Но ему тут же объяснили, что Ральф имел в виду секс с двумя девушками одновременно. За что он и получил свои три очка — всего лишь.
Бенжамен снова посмотрел на пачки и вдруг сообразил (отчего у него защемило сердце), что, наверное, все равно, какую покупать. Он провел в Мюнхене три недели, толком не поговорив ни с одной живой душой, а тем более с женщиной, которая согласилась бы лечь с ним в постель.

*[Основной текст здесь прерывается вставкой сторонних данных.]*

(* Let $d\ge 1$ and $k'$ be integers with $k'>2d+3$. Consider an average-based EQ AHG or an average-based AL AHG over $n$ players with $n\ge k'(d+1)$, whose network of friends $G$ contains a (possibly pinched) $(d,k')$-dome gadget on a player set $P$, such that no player of $P$ other than its top player $p^\star$ has a friend outside $P$. Let $\Gamma$ be a coalition structure with $P\in\Gamma$. If a coalition $C$ blocks $\Gamma$, then $C$ contains no player of the base clique of the gadget.
   Context: An AHG is given by a finite player set $N$, $n=|N|$, and a simple undirected graph $G=(N,\mathcal{E})$ (network of friends). For $i\in N$, $F_i$ is the set of neighbors (friends) of $i$ and $E_i=N\setminus(F_i\cup\{i\})$ its enemies. For a coalition $C\ni i$, $\mathrm{val}_i(C)=n|F_i\cap C|-|E_i\cap C|$. Let $\mathrm{avg}_{F_i}(C)=\sum_{c\in C\cap F_i}\mathrm{val}_c(C)/|C\cap F_i|$ (taken to be $0$ if $C\cap F_i=\emptyset$) and $\mathrm{avg}_{F_i\cup\{i\}}(C)=\sum_{c\in (C\cap F_i)\cup\{i\}}\mathrm{val}_c(C)/|(C\cap F_i)\cup\{i\}|$. With a fixed constant $w\ge n^4$, the average-based EQ utility is $\mathrm{util}_i^{\text{avg-EQ}}(C)=\mathrm{avg}_{F_i\cup\{i\}}(C)$ and the average-based AL utility is $\mathrm{util}_i^{\text{avg-AL}}(C)=\mathrm{val}_i(C)+w\cdot\mathrm{avg}_{F_i}(C)$. A coalition structure is a partition $\Gamma$ of $N$; $\Gamma(i)$ is the coalition containing $i$. A nonempty coalition $C$ blocks $\Gamma$ if every $i\in C$ has strictly larger utility from $C$ than from $\Gamma(i)$. A $(d,k')$-dome gadget (for integers $d\ge1$, $k'>2d+1$) on player set $P$ with $|P|=k'$ consists of a top player $p^\star$, $d$ mid players $p_1,\dots,p_d$, and the remaining $k'-d-1$ players forming the base clique $K$; $d$ distinct players $p'_1,\dots,p'_d\in K$ are called fringe players. The friendships among players of $P$ are exactly: $p^\star$ with each $p_j$, $p_j$ with $p'_j$ for each $j$, and every pair of players in $K$. A pinched $(d,k')$-dome gadget is obtained from a $(d,k')$-dome gadget by identifying all $d$ mid players into a single mid player $q$; so its friendships within $P$ are exactly $p^\star$ with $q$, $q$ with each $p'_j$, and every pair within the base clique $K$ (of size $k'-d-1$). "$G$ contains the gadget on $P$" means $G[P]$ is exactly this gadget. *)

theory Defs
  imports Complex_Main "HOL-Library.Disjoint_Sets"
begin

definition friends :: "'a set \<Rightarrow> ('a \<Rightarrow> 'a \<Rightarrow> bool) \<Rightarrow> 'a \<Rightarrow> 'a set" where
  "friends N E i = {j \<in> N. E i j}"

definition enemies :: "'a set \<Rightarrow> ('a \<Rightarrow> 'a \<Rightarrow> bool) \<Rightarrow> 'a \<Rightarrow> 'a set" where
  "enemies N E i = N - (friends N E i \<union> {i})"

definition val :: "'a set \<Rightarrow> ('a \<Rightarrow> 'a \<Rightarrow> bool) \<Rightarrow> 'a \<Rightarrow> 'a set \<Rightarrow> real" where
  "val N E i C = real (card N) * real (card (friends N E i \<inter> C))
                 - real (card (enemies N E i \<inter> C))"

definition avg_F :: "'a set \<Rightarrow> ('a \<Rightarrow> 'a \<Rightarrow> bool) \<Rightarrow> 'a \<Rightarrow> 'a set \<Rightarrow> real" where
  "avg_F N E i C = (if C \<inter> friends N E i = {} then 0
     else (\<Sum>c \<in> C \<inter> friends N E i. val N E c C) / real (card (C \<inter> friends N E i)))"

definition avg_Fi :: "'a set \<Rightarrow> ('a \<Rightarrow> 'a \<Rightarrow> bool) \<Rightarrow> 'a \<Rightarrow> 'a set \<Rightarrow> real" where
  "avg_Fi N E i C = (\<Sum>c \<in> insert i (C \<inter> friends N E i). val N E c C)
                     / real (card (insert i (C \<inter> friends N E i)))"

definition util_avgEQ :: "'a set \<Rightarrow> ('a \<Rightarrow> 'a \<Rightarrow> bool) \<Rightarrow> 'a \<Rightarrow> 'a set \<Rightarrow> real" where
  "util_avgEQ N E i C = avg_Fi N E i C"

definition util_avgAL :: "'a set \<Rightarrow> ('a \<Rightarrow> 'a \<Rightarrow> bool) \<Rightarrow> real \<Rightarrow> 'a \<Rightarrow> 'a set \<Rightarrow> real" where
  "util_avgAL N E w i C = val N E i C + w * avg_F N E i C"

definition coal_of :: "'a set set \<Rightarrow> 'a \<Rightarrow> 'a set" where
  "coal_of \<Gamma> i = (THE S. S \<in> \<Gamma> \<and> i \<in> S)"

definition blocks :: "'a set \<Rightarrow> ('a \<Rightarrow> 'a set \<Rightarrow> real) \<Rightarrow> 'a set set \<Rightarrow> 'a set \<Rightarrow> bool" where
  "blocks N util \<Gamma> C \<longleftrightarrow> C \<noteq> {} \<and> C \<subseteq> N \<and>
     (\<forall>i \<in> C. util i C > util i (coal_of \<Gamma> i))"

text \<open>(d,k')-dome gadget on P with top p, mid players m 1..m d, base clique K,
  fringe players fr 1..fr d.\<close>
definition dome_gadget :: "'a set \<Rightarrow> ('a \<Rightarrow> 'a \<Rightarrow> bool) \<Rightarrow> nat \<Rightarrow> nat \<Rightarrow> 'a set \<Rightarrow> 'a
    \<Rightarrow> (nat \<Rightarrow> 'a) \<Rightarrow> 'a set \<Rightarrow> (nat \<Rightarrow> 'a) \<Rightarrow> bool" where
  "dome_gadget N E d k' P p m K fr \<longleftrightarrow>
     d \<ge> 1 \<and> k' > 2*d+1 \<and> P \<subseteq> N \<and> card P = k' \<and> p \<in> P \<and>
     inj_on m {1..d} \<and> m ` {1..d} \<subseteq> P \<and> p \<notin> m ` {1..d} \<and>
     K = P - {p} - m ` {1..d} \<and>
     inj_on fr {1..d} \<and> fr ` {1..d} \<subseteq> K \<and>
     (\<forall>x\<in>P. \<forall>y\<in>P. E x y \<longleftrightarrow>
        ((\<exists>j\<in>{1..d}. {x,y} = {p, m j} \<or> {x,y} = {m j, fr j}) \<or>
         (x \<in> K \<and> y \<in> K \<and> x \<noteq> y)))"

text \<open>pinched (d,k')-dome gadget: the d mid players identified into one mid player q;
  the base clique K still has k'-d-1 players.\<close>
definition pinched_dome_gadget :: "'a set \<Rightarrow> ('a \<Rightarrow> 'a \<Rightarrow> bool) \<Rightarrow> nat \<Rightarrow> nat \<Rightarrow> 'a set
    \<Rightarrow> 'a \<Rightarrow> 'a \<Rightarrow> 'a set \<Rightarrow> (nat \<Rightarrow> 'a) \<Rightarrow> bool" where
  "pinched_dome_gadget N E d k' P p q K fr \<longleftrightarrow>
     d \<ge> 1 \<and> k' > 2*d+1 \<and> P \<subseteq> N \<and> finite K \<and> card K = k' - d - 1 \<and>
     p \<noteq> q \<and> p \<notin> K \<and> q \<notin> K \<and> P = insert p (insert q K) \<and>
     inj_on fr {1..d} \<and> fr ` {1..d} \<subseteq> K \<and>
     (\<forall>x\<in>P. \<forall>y\<in>P. E x y \<longleftrightarrow>
        ({x,y} = {p, q} \<or> (\<exists>j\<in>{1..d}. {x,y} = {q, fr j}) \<or>
         (x \<in> K \<and> y \<in> K \<and> x \<noteq> y)))"

end

theory Submission
  imports Defs
begin

(* A base player y judges a coalition by the average value of its friends there (including y
   itself for the EQ utility). In P each base player has about |K| - 1 friends, each worth n, so
   these averages are about n (|K| - 1). Let C block and meet K. If C misses part of K, then a
   non-fringe base player of C sees in C only base players worth at most n (|K| - 1), and if
   all base players of C are fringe players, they see values at most n (d + 1); in both cases
   the average in P is larger, so K is contained in C. A mid player missing from C costs its
   fringe friend a friend worth n, which lowers the average of a non-fringe base player, and a
   missing top player costs the mid players n, which lowers the average of a fringe player.
   Hence P is contained in C, but then the friend groups of base players are unchanged and
   their values can only drop. For the AL utility the averages are fractions with denominators
   at most |K|, so a strict drop is at least 1 / |K|^2, which the weight w >= n^4 turns into a
   loss exceeding any change of the player's own value. *)

(* The average over an empty (or infinite) set is 0, as x / 0 = 0. *)
definition avg :: "('a \<Rightarrow> real) \<Rightarrow> 'a set \<Rightarrow> real" where
  "avg f T = sum f T / real (card T)"

lemma avg_le_bound:
  assumes "\<And>c. c \<in> T \<Longrightarrow> f c \<le> B" "0 \<le> B"
  shows "avg f T \<le> B"
proof (cases "card T = 0")
  case False
  have "sum f T \<le> real (card T) * B" using assms(1) by (rule sum_bounded_above)
  then show ?thesis using False by (simp add: avg_def divide_le_eq mult.commute)
qed (simp add: avg_def assms(2))

lemma sum_eq_0_if_card_0: "card T = 0 \<Longrightarrow> sum f T = 0"
  by (cases "finite T") auto

lemma avg_gt_bound:
  assumes "real (card T) * B < sum f T"
  shows "B < avg f T"
proof -
  have "card T \<noteq> 0"
  proof
    assume "card T = 0"
    then show False using assms by (simp add: sum_eq_0_if_card_0)
  qed
  then show ?thesis using assms by (simp add: avg_def less_divide_eq mult.commute)
qed

lemma avg_mono:
  assumes "sum f T \<le> sum g T"
  shows "avg f T \<le> avg g T"
  using assms by (simp add: avg_def divide_right_mono)

lemma avg_strict_mono:
  assumes "sum f T < sum g T"
  shows "avg f T < avg g T"
proof -
  have "card T \<noteq> 0"
  proof
    assume "card T = 0"
    then show False using assms by (simp add: sum_eq_0_if_card_0)
  qed
  then show ?thesis using assms by (simp add: avg_def divide_strict_right_mono)
qed

lemma avg_Ints_eq_fraction:
  assumes "\<And>c. c \<in> T \<Longrightarrow> f c \<in> \<int>" "card T \<le> B" "1 \<le> B"
  obtains a b :: int where "1 \<le> b" "b \<le> int B" "avg f T = of_int a / of_int b"
proof (cases "card T = 0")
  case True
  then show ?thesis using that[of 1 0] assms(3) by (simp add: avg_def)
next
  case False
  obtain a where "sum f T = of_int a" using Ints_sum[of T f] assms(1) by (auto elim: Ints_cases)
  then show ?thesis using that[of "int (card T)" a] False assms(2) by (simp add: avg_def)
qed

lemma fraction_gap:
  fixes a b c e :: int and B :: real
  assumes "1 \<le> b" "1 \<le> e" "of_int b \<le> B" "of_int e \<le> B"
    and less: "of_int a / of_int b < (of_int c / of_int e :: real)"
  shows "1 / B^2 \<le> of_int c / of_int e - of_int a / of_int b"
proof -
  have pos: "real_of_int b > 0" "real_of_int e > 0" using assms by auto
  have "real_of_int a * of_int e < of_int c * of_int b" using less pos by (simp add: field_simps)
  then have "a * e < c * b" by (metis of_int_less_iff of_int_mult)
  then have "1 \<le> c * b - a * e" by linarith
  then have num: "1 \<le> real_of_int (c * b - a * e)" by linarith
  have "real_of_int b * of_int e \<le> B^2"
    using assms pos by (simp add: power2_eq_square mult_mono)
  then have "1 / B^2 \<le> 1 / (of_int b * of_int e)" using pos by (simp add: frac_le)
  also have "\<dots> \<le> real_of_int (c * b - a * e) / (of_int b * of_int e)"
    using num pos by (simp add: divide_right_mono)
  also have "\<dots> = of_int c / of_int e - of_int a / of_int b" using pos by (simp add: field_simps)
  finally show ?thesis .
qed

lemma sum_le_except_one:
  fixes f :: "'a \<Rightarrow> real"
  assumes "finite T" "t \<in> T" "\<And>c. c \<in> T - {t} \<Longrightarrow> f c \<le> B" "f t \<le> B'"
  shows "sum f T \<le> (real (card T) - 1) * B + B'"
proof -
  have "sum f (T - {t}) \<le> real (card (T - {t})) * B" using assms(3) by (rule sum_bounded_above)
  moreover have "real (card (T - {t})) = real (card T) - 1"
  proof -
    have "card T \<ge> 1" using assms(1,2) by (auto simp: Suc_le_eq card_gt_0_iff)
    then show ?thesis using assms(1,2) by (simp add: card_Diff_singleton of_nat_diff)
  qed
  ultimately show ?thesis using assms by (simp add: sum.remove)
qed

lemma sum_ge_except_one:
  fixes f :: "'a \<Rightarrow> real"
  assumes "finite T" "t \<in> T" "\<And>c. c \<in> T - {t} \<Longrightarrow> B \<le> f c" "B' \<le> f t"
  shows "(real (card T) - 1) * B + B' \<le> sum f T"
  using sum_le_except_one[of T t "\<lambda>c. - f c" "- B" "- B'"] assms by (simp add: sum_negf)

lemma val_in_Ints: "val N E c S \<in> \<int>"
  by (simp add: val_def)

Так и не разобрав значения незнакомых слов, он в результате положил обе пачки в корзинку для покупок. В конце концов, в квартире, которую он снимал, имеется немецкий словарь.
* * *
АНГЛИЙСКИЙ САД ЗИМОЙ
Английский сад зимою в Мюнхене
Гол почти. Под ногами
Жижица из льда и грязи.
Река Алышне даже в июле
Холодна, словно горный ручей.
Залетная птица порхает над водой пугливо.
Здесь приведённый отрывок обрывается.